Nondeterminism in Dafny 1.8 interfering with student assignments

Jun 4, 2014 at 10:41 PM
Hi ---

Dafny 1.8 (see below) is sometimes failing to verify programs that V1.6 verifies every time. For a particular short program but of moderate complexity (involving e.g. arrays and sequences) it's become so common that I have had to make a shell script that keeps running Dafny (with an adjustable timeout) "until it works".

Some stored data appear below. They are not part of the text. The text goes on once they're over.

(* Consider the linear Gaussian pairwise Markov model $$\alpha_{k+1}=T\alpha_k+By_{k-1}+\eta_k,\qquad y_k=Z\alpha_k+\beta y_{k-1}+\varepsilon_k,\qquad \begin{bmatrix}\eta_k\\ \varepsilon_k\end{bmatrix}\sim\mathcal N\!\left(0,\begin{bmatrix}Q&S\\ S^\top&H\end{bmatrix}\right),$$ $\alpha_0\sim\mathcal N(\bar\alpha_0,\Pi_0)$, $\Pi_0>0$, $H>0$, where $T,B,Z,\beta,Q,S,H,\bar\alpha_0,\Pi_0$ depend differentiably on $\theta\in\mathbb R^p$ while the observations $y_k$ (including the given initial values used below) do not depend on $\theta$. Write $\partial_iA:=\partial A/\partial\theta_i$, $\overline T=T-SH^{-1}Z$, $\overline B=B-SH^{-1}\beta$, $\overline Q=Q-SH^{-1}S^\top$. Algorithm 2a (UD-based pairwise Kalman filter): factor $\Pi_0=\bar U_{\Pi_0}D_{\Pi_0}\bar U_{\Pi_0}^\top$, $H=\bar U_HD_H\bar U_H^\top$, $\overline Q=\bar U_{\overline Q}D_{\overline Q}\bar U_{\overline Q}^\top$; set $\hat\alpha_{0|0}=\bar\alpha_0$, $\bar U_{P_{0|0}}=\bar U_{\Pi_0}$, $D_{P_{0|0}}=D_{\Pi_0}$; for $k=0,\dots,N-1$: $\hat\alpha_{k+1|k}=\overline T\hat\alpha_{k|k}+\overline By_{k-1}+SH^{-1}y_k$; MWGS on $\mathbb A^\top=[\overline T\bar U_{P_{k|k}}\ \bar U_{\overline Q}]$, $\mathbb D_A=D_{P_{k|k}}\oplus D_{\overline Q}$ gives $\mathbb R=\bar U_{P_{k+1|k}}$, $\mathbb D_R=D_{P_{k+1|k}}$; MWGS on $\mathbb A^\top=\begin{bmatrix}\bar U_{P_{k+1|k}}&0\\ Z\bar U_{P_{k+1|k}}&\bar U_H\end{bmatrix}$, $\mathbb D_A=D_{P_{k+1|k}}\oplus D_H$ gives $\mathbb R=\begin{bmatrix}\bar U_{P_{k+1|k+1}}&\bar K_{k+1}^u\\0&\bar U_{R_{e,k+1}}\end{bmatrix}$, $\mathbb D_R=D_{P_{k+1|k+1}}\oplus D_{R_{e,k+1}}$; $e_{k+1}=y_{k+1}-Z\hat\alpha_{k+1|k}-\beta y_k$, $\bar e_{k+1}=\bar U_{R_{e,k+1}}^{-1}e_{k+1}$, $\hat\alpha_{k+1|k+1}=\hat\alpha_{k+1|k}+\bar K_{k+1}^u\bar e_{k+1}$. Algorithm 2b (differentiated UD-based pairwise Kalman filter): for each $i=1,\dots,p$, in addition to Algorithm 2a, it initializes $\partial_i\bar U_{P_{0|0}}=\partial_i\bar U_{\Pi_0}$, $\partial_iD_{P_{0|0}}=\partial_iD_{\Pi_0}$, $\partial_i\hat\alpha_{0|0}=\partial_i\bar\alpha_0$ (using $\partial_i\overline T,\partial_i\overline B,\partial_i\overline Q$ and derivatives of the factors of $\overline Q$, $H$), and for $k=0,\dots,N-1$ computes: (a) $\partial_i\hat\alpha_{k+1|k}=(\partial_i\overline T)\hat\alpha_{k|k}+\overline T\,\partial_i\hat\alpha_{k|k}+(\partial_i\overline B)y_{k-1}+(\partial_iS)H^{-1}y_k-SH^{-1}(\partial_iH)H^{-1}y_k$; (b) in both MWGS steps, forms the pre-arrays of Algorithm 2a and their derivatives $\partial_i\mathbb A,\partial_i\mathbb D_A$, applies the Diff. UD scheme below, and reads off $\partial_i\bar U_{P_{k+1|k}},\partial_iD_{P_{k+1|k}},\partial_i\bar U_{P_{k+1|k+1}},\partial_iD_{P_{k+1|k+1}},\partial_i\bar U_{R_{e,k+1}},\partial_iD_{R_{e,k+1}},\partial_i\bar K_{k+1}^u$ from the positions of the corresponding undifferentiated blocks; (c) $\partial_i\bar e_{k+1}=-\bar U_{R_{e,k+1}}^{-1}(\partial_i\bar U_{R_{e,k+1}})\bar U_{R_{e,k+1}}^{-1}e_{k+1}-\bar U_{R_{e,k+1}}^{-1}\big[(\partial_iZ)\hat\alpha_{k+1|k}+Z\,\partial_i\hat\alpha_{k+1|k}+(\partial_i\beta)y_k\big]$; (d) $\partial_i\hat\alpha_{k+1|k+1}=\partial_i\hat\alpha_{k+1|k}+(\partial_i\bar K_{k+1}^u)\bar e_{k+1}+\bar K_{k+1}^u\,\partial_i\bar e_{k+1}$. Diff. UD scheme with inputs $\mathbb A,\mathbb D_A,\partial_i\mathbb A,\partial_i\mathbb D_A$: apply MWGS to get $\mathfrak W,\mathbb R,\mathbb D_R$; $M_0=\mathfrak W^\top\mathbb D_A(\partial_i\mathbb A)\mathbb R^{-\top}=\bar L_0+D_0+\bar U_0$ and $M_2=\mathfrak W^\top(\partial_i\mathbb D_A)\mathfrak W=\bar L_2+D_2+\bar U_2$ (strictly lower, diagonal, strictly upper parts); output $\partial_i\mathbb R=\mathbb R(\bar L_0^\top+\bar U_0+\bar U_2)\mathbb D_R^{-1}$, $\partial_i\mathbb D_R=2D_0+D_2$. Then Algorithm 2b computes the filter sensitivities of Algorithm 2a correctly: for every $k$ and $i$, the quantities it produces as $\partial_i\hat\alpha_{k+1|k}$, $\partial_i\bar U_{P_{k+1|k}}$, $\partial_iD_{P_{k+1|k}}$, $\partial_i\bar U_{P_{k+1|k+1}}$, $\partial_iD_{P_{k+1|k+1}}$, $\partial_i\bar U_{R_{e,k+1}}$, $\partial_iD_{R_{e,k+1}}$, $\partial_i\bar K_{k+1}^u$, $\partial_i\bar e_{k+1}$, $\partial_i\hat\alpha_{k+1|k+1}$ equal the partial derivatives with respect to $\theta_i$ of the corresponding quantities of Algorithm 2a, regarded as functions of $\theta$.
   Context: $UDU^\top$ factorization: $P=\bar U_PD_P\bar U_P^\top$ with $\bar U_P$ unit upper triangular and $D_P$ diagonal. $A\oplus B:=\mathrm{diag}\{A,B\}$. MWGS: given $\mathbb A\in\mathbb R^{r\times s}$ ($r\ge s$) and diagonal $\mathbb D_A>0$, it returns $\mathfrak W\in\mathbb R^{r\times s}$, a unit upper triangular $\mathbb R\in\mathbb R^{s\times s}$ and a diagonal $\mathbb D_R$ with $\mathbb A^\top=\mathbb R\mathfrak W^\top$ and $\mathfrak W^\top\mathbb D_A\mathfrak W=\mathbb D_R$. It is assumed that every MWGS call is well defined (with $\mathbb D_R$ invertible) and that all quantities are differentiable in $\theta$. *)

theory Defs
  imports "Jordan_Normal_Form.Matrix"
begin

definition minv :: "real mat \<Rightarrow> real mat" where
  "minv A = (SOME B. B \<in> carrier_mat (dim_col A) (dim_row A) \<and> inverts_mat A B \<and> inverts_mat B A)"

definition unit_upper :: "real mat \<Rightarrow> bool" where
  "unit_upper U \<longleftrightarrow> square_mat U \<and> upper_triangular U \<and> (\<forall>j<dim_row U. U $$ (j,j) = 1)"

definition pos_def :: "real mat \<Rightarrow> bool" where
  "pos_def A \<longleftrightarrow> (\<exists>n. A \<in> carrier_mat n n \<and> A\<^sup>T = A \<and>
     (\<forall>x\<in>carrier_vec n. x \<noteq> 0\<^sub>v n \<longrightarrow> x \<bullet> (A *\<^sub>v x) > 0))"

definition pos_semidef :: "real mat \<Rightarrow> bool" where
  "pos_semidef A \<longleftrightarrow> (\<exists>n. A \<in> carrier_mat n n \<and> A\<^sup>T = A \<and>
     (\<forall>x\<in>carrier_vec n. x \<bullet> (A *\<^sub>v x) \<ge> 0))"

definition ud_fact :: "real mat \<Rightarrow> real mat \<Rightarrow> real mat \<Rightarrow> bool" where
  "ud_fact P U D \<longleftrightarrow> (\<exists>n. P \<in> carrier_mat n n \<and> U \<in> carrier_mat n n \<and> D \<in> carrier_mat n n \<and>
     unit_upper U \<and> diagonal_mat D \<and> P = U * D * U\<^sup>T)"

text \<open>Direct sum diag(A,B) and horizontal concatenation [A B].\<close>
definition bdiag :: "real mat \<Rightarrow> real mat \<Rightarrow> real mat" where
  "bdiag A B = four_block_mat A (0\<^sub>m (dim_row A) (dim_col B)) (0\<^sub>m (dim_row B) (dim_col A)) B"

definition hcat :: "real mat \<Rightarrow> real mat \<Rightarrow> real mat" where
  "hcat A B = four_block_mat A B (0\<^sub>m 0 (dim_col A)) (0\<^sub>m 0 (dim_col B))"

definition slow :: "real mat \<Rightarrow> real mat" where
  "slow M = mat (dim_row M) (dim_col M) (\<lambda>(r,c). if c < r then M $$ (r,c) else 0)"
definition sdiag :: "real mat \<Rightarrow> real mat" where
  "sdiag M = mat (dim_row M) (dim_col M) (\<lambda>(r,c). if c = r then M $$ (r,c) else 0)"
definition supp :: "real mat \<Rightarrow> real mat" where
  "supp M = mat (dim_row M) (dim_col M) (\<lambda>(r,c). if r < c then M $$ (r,c) else 0)"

I understand the issues (I believe); but this particular program is a student assignment and (I'll warrant) they would have some trouble with the advice "If your program doesn't verify, just try verifying it a second (third, fourth...) time." ;-)

Luckily they have access to V1.6, which seems to be more consistent. But I thought I'd bring this to your attention, since it might indicate there's some new strategy in V1.8 that's not working as well as you'd hoped.

Below is a clipping of a "dafnies" run (my shell file) that worked only on the fourth try.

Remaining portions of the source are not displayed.